An example of INT3 is as such
Fig 2.2 Program breaking at INT3 command
Basically the idea is that if I want to send a payload after the EIP overwrite, the address should not have null bytes. Because of little Endian, the last character sent will be a null byte if the address starts with null. The string will be terminated before the payload. We can only allow null bytes in addresses if we insert the shellcode before overwriting EIP with an address that startsnull. This explanation was obtained from the link specified below.
The images below show what happens when we declare badchars in our exploit, so that badchars will not be added. Bad chars include null byte as mentioned above. As we can see, even though we added badchars to be excluded from our shellcode, the strings still break up and are not able to send fully. It does not even crash the program.
Fig 2.3.1 Before adding BADCHARS
Fig 2.3.1 After adding BADCHARS
Hence no matter what, if there are null bytes or bad characters in the JMP ESP instruction address, we will not be able to do it. Therefore since !mona jmp –r esp is unable to find us such an address, we look at all the executable modules that PCMan uses. This can be done in the immunity debugger through
Then we proceeded to find JMP ESP instructions in those executable modules. Below is a picture of what we found.
Fig 2.4 Finding the JMP ESP instruction through attaching executable modules
Therefore we used this address, and we could do a jmp esp at EIP. This address 75F913E7 will then be used to overwrite EIP, and the exploit will now work on Windows 8.1 and 10.
With our futile attempts to edit the buffer size, we were not able to patch the program. However we chanced upon a possible fix. We noticed that in an earlier version of the FTP server, no amount of fuzzing would cause a buffer overflow. We read the server config file, which was largely different from the one in 2.07.

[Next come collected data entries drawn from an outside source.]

text \<open>Bouquet of cycles: a (nontrivial cactus) graph all of whose cycles pass through
  one common vertex c (every edge lies on a cycle since there are no bridges).\<close>
definition bouquet :: "'a set \<Rightarrow> 'a set set \<Rightarrow> bool" where
  "bouquet V E \<longleftrightarrow> (\<exists>c\<in>V. (\<forall>C\<in>cycles V E. c \<in> \<Union>C) \<and> E = \<Union>(cycles V E))"

end

theory Submission
  imports Defs "HOL-Library.Transitive_Closure_Table"
begin

(* Write d v for the degree of v and x v = sqrt (2 / d v). In a connected bridgeless graph with
   an edge every degree is at least 2, so (1 - x u) * (1 - x v) >= 0 gives
   1 / sqrt (d u * d v) >= (x u + x v - 1) / 2 on every edge uv. Summing over the edges,
   R >= (sum of sqrt (2 * d v) over the vertices) / 2 - m / 2, and concavity of the square root,
   sqrt c + sqrt (c + x + y) <= sqrt (c + x) + sqrt (c + y), together with the handshake lemma
   bounds this below by (n - g - 1) / 2 + sqrt g for the cyclomatic number g = m - n + 1 >= 1.
   Adding an edge either merges two components or closes a new cycle, so g <= k, and
   t -> sqrt t - t / 2 is decreasing on [1, oo). The cactus structure is needed only for the
   equality: in a bouquet of k cycles (which pairwise share no edge) the centre has degree 2 k
   and every other vertex degree 2, and the index is computed directly. *)

lemma simple_graph_edgeE:
  assumes "simple_graph V E" "e \<in> E"
  obtains u v where "e = {u, v}" "u \<noteq> v" "u \<in> V" "v \<in> V"
  using assms unfolding simple_graph_def by blast

lemma simple_graph_finite_vertices: "simple_graph V E \<Longrightarrow> finite V"
  unfolding simple_graph_def by blast

lemma simple_graph_edge_subset: "simple_graph V E \<Longrightarrow> e \<in> E \<Longrightarrow> e \<subseteq> V"
  by (erule simple_graph_edgeE) auto

lemma simple_graph_card_edge: "simple_graph V E \<Longrightarrow> e \<in> E \<Longrightarrow> card e = 2"
  by (erule simple_graph_edgeE) auto

lemma simple_graph_finite_edges: "simple_graph V E \<Longrightarrow> finite E"
  by (meson Pow_iff finite_Pow_iff finite_subset simple_graph_edge_subset
      simple_graph_finite_vertices subsetI)

lemma simple_graph_subset: "simple_graph V E \<Longrightarrow> F \<subseteq> E \<Longrightarrow> simple_graph V F"
  unfolding simple_graph_def by blast

lemma symp_adj: "symp (adj E)"
  unfolding adj_def symp_def by (simp add: insert_commute)

lemma rtranclp_adj_sym: "(adj E)\<^sup>*\<^sup>* x y \<Longrightarrow> (adj E)\<^sup>*\<^sup>* y x"
  by (rule sympD[OF symp_rtranclp[OF symp_adj]])

lemma rtranclp_adj_mono: "E \<subseteq> F \<Longrightarrow> (adj E)\<^sup>*\<^sup>* x y \<Longrightarrow> (adj F)\<^sup>*\<^sup>* x y"
  by (metis adj_def mono_rtranclp subset_iff)

lemma rtranclp_adj_first_step:
  assumes "(adj E)\<^sup>*\<^sup>* v w" "v \<noteq> w"
  shows "\<exists>y. {v, y} \<in> E"
  using assms by (cases rule: converse_rtranclpE) (auto simp: adj_def)

lemma cycles_subset: "C \<in> cycles V E \<Longrightarrow> C \<subseteq> E"
  unfolding cycles_def cycle_edges_def cycle_list_def by auto

lemma cycles_mono: "E \<subseteq> F \<Longrightarrow> cycles V E \<subseteq> cycles V F"
  unfolding cycles_def cycle_list_def by blast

Fig 3.1 Comparison between PCMan 1.0b (left) and PCMan 2.07 (right) Server.ini file
We therefore replaced 2.07’s server config file with the old one, and changed StartupWithGUI = 1 (true) and removed ScreenMaxLine. This was all trial and error, in a desperate attempt to find a patch.

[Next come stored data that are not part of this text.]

lemma eval_poly_superset:
  "finite S \<Longrightarrow> Poly_Mapping.keys p \<subseteq> S \<Longrightarrow>
    eval_poly x p = (\<Sum>m\<in>S. Poly_Mapping.lookup p m * eval_monom x m)"
  unfolding eval_poly_def by (rule sum.mono_neutral_left) (auto simp: in_keys_iff)

lemma eval_poly_add: "eval_poly x (p + q) = eval_poly x p + eval_poly x q"
proof -
  let ?S = "Poly_Mapping.keys p \<union> Poly_Mapping.keys q"
  have "eval_poly x (p + q) = (\<Sum>m\<in>?S. Poly_Mapping.lookup (p + q) m * eval_monom x m)"
    by (rule eval_poly_superset) (auto simp: keys_add)
  also have "\<dots> = (\<Sum>m\<in>?S. Poly_Mapping.lookup p m * eval_monom x m)
      + (\<Sum>m\<in>?S. Poly_Mapping.lookup q m * eval_monom x m)"
    by (simp add: lookup_add distrib_right sum.distrib)
  also have "\<dots> = eval_poly x p + eval_poly x q"
    using eval_poly_superset[of ?S p x] eval_poly_superset[of ?S q x] by auto
  finally show ?thesis .
qed

lemma eval_poly_0 [simp]: "eval_poly x 0 = 0"
  by (simp add: eval_poly_def)

lemma eval_poly_single [simp]: "eval_poly x (Poly_Mapping.single m c) = c * eval_monom x m"
  by (simp add: eval_poly_def)

lemma update_eq_add_single:
  "m \<notin> Poly_Mapping.keys p \<Longrightarrow> Poly_Mapping.update m c p = p + Poly_Mapping.single m c"
  by (rule poly_mapping_eqI) (auto simp: lookup_update lookup_add lookup_single in_keys_iff)

lemma eval_poly_single_mult:
  "eval_poly x (Poly_Mapping.single m c * q) = c * eval_monom x m * eval_poly x q"
proof (induction q rule: Poly_Mapping.update_induct)
  case (update p n d)
  then show ?case
    by (simp add: update_eq_add_single distrib_left eval_poly_add mult_single eval_monom_add
        algebra_simps)
qed simp

lemma eval_poly_mult: "eval_poly x (p * q) = eval_poly x p * eval_poly x q"
proof (induction p rule: Poly_Mapping.update_induct)
  case (update p m c)
  then have "Poly_Mapping.update m c p * q = p * q + Poly_Mapping.single m c * q"
    by (simp add: update_eq_add_single distrib_right)
  then have "eval_poly x (Poly_Mapping.update m c p * q)
      = eval_poly x p * eval_poly x q + c * eval_monom x m * eval_poly x q"
    using update.IH by (simp only: eval_poly_add eval_poly_single_mult)
  moreover have "eval_poly x (Poly_Mapping.update m c p) = eval_poly x p + c * eval_monom x m"
    using update.hyps by (simp add: update_eq_add_single eval_poly_add)
  ultimately show ?case by (simp add: algebra_simps)
qed simp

Fig 3.2 Altered PCMan 2.07 Server.ini file
Fig 3.3 AVG prompts breach upon “nc 10.124.3.236 4444” entry from Kali Linux
However, this was not consistent and we could not identify the reason AVG could detect it, because no known attack signatures were indicated on the AVG prompt. This could be just due to luck. Therefore, the best way we could do is to not allow anonymous logins. Other ways we were not able to try was to add stack canaries, increase buffer size allocated (changing buffer size in Server.ini did not help) or disallow executable stack.
Through this project/tutorial, we have learnt how to use assembly instructions such as JMP ESP to redirect the flow of the vulnerable program, and execute our shellcode. This assembly instruction could lie in one of the executable system modules (such as SHELL32.dll). We also learnt how to make use of a powerful debugging tool such as the Immunity debugger, and run custom python scripts(such as the mona script by Corelan team) to reach our end objective. We also saw how to detect and remove bad characters that will hamper our plans of attacking the vulnerable machine. We also noticed how different OSes might protect their users from vulnerable programs, such “startnull” addresses, and hiding system modules from attackers. However, if the vulnerable program configures itself to use lots of system modules, the onus is on the vulnerable program to protect itself from attackers by restrict the calling of modules or instructions that lie outside the program itself.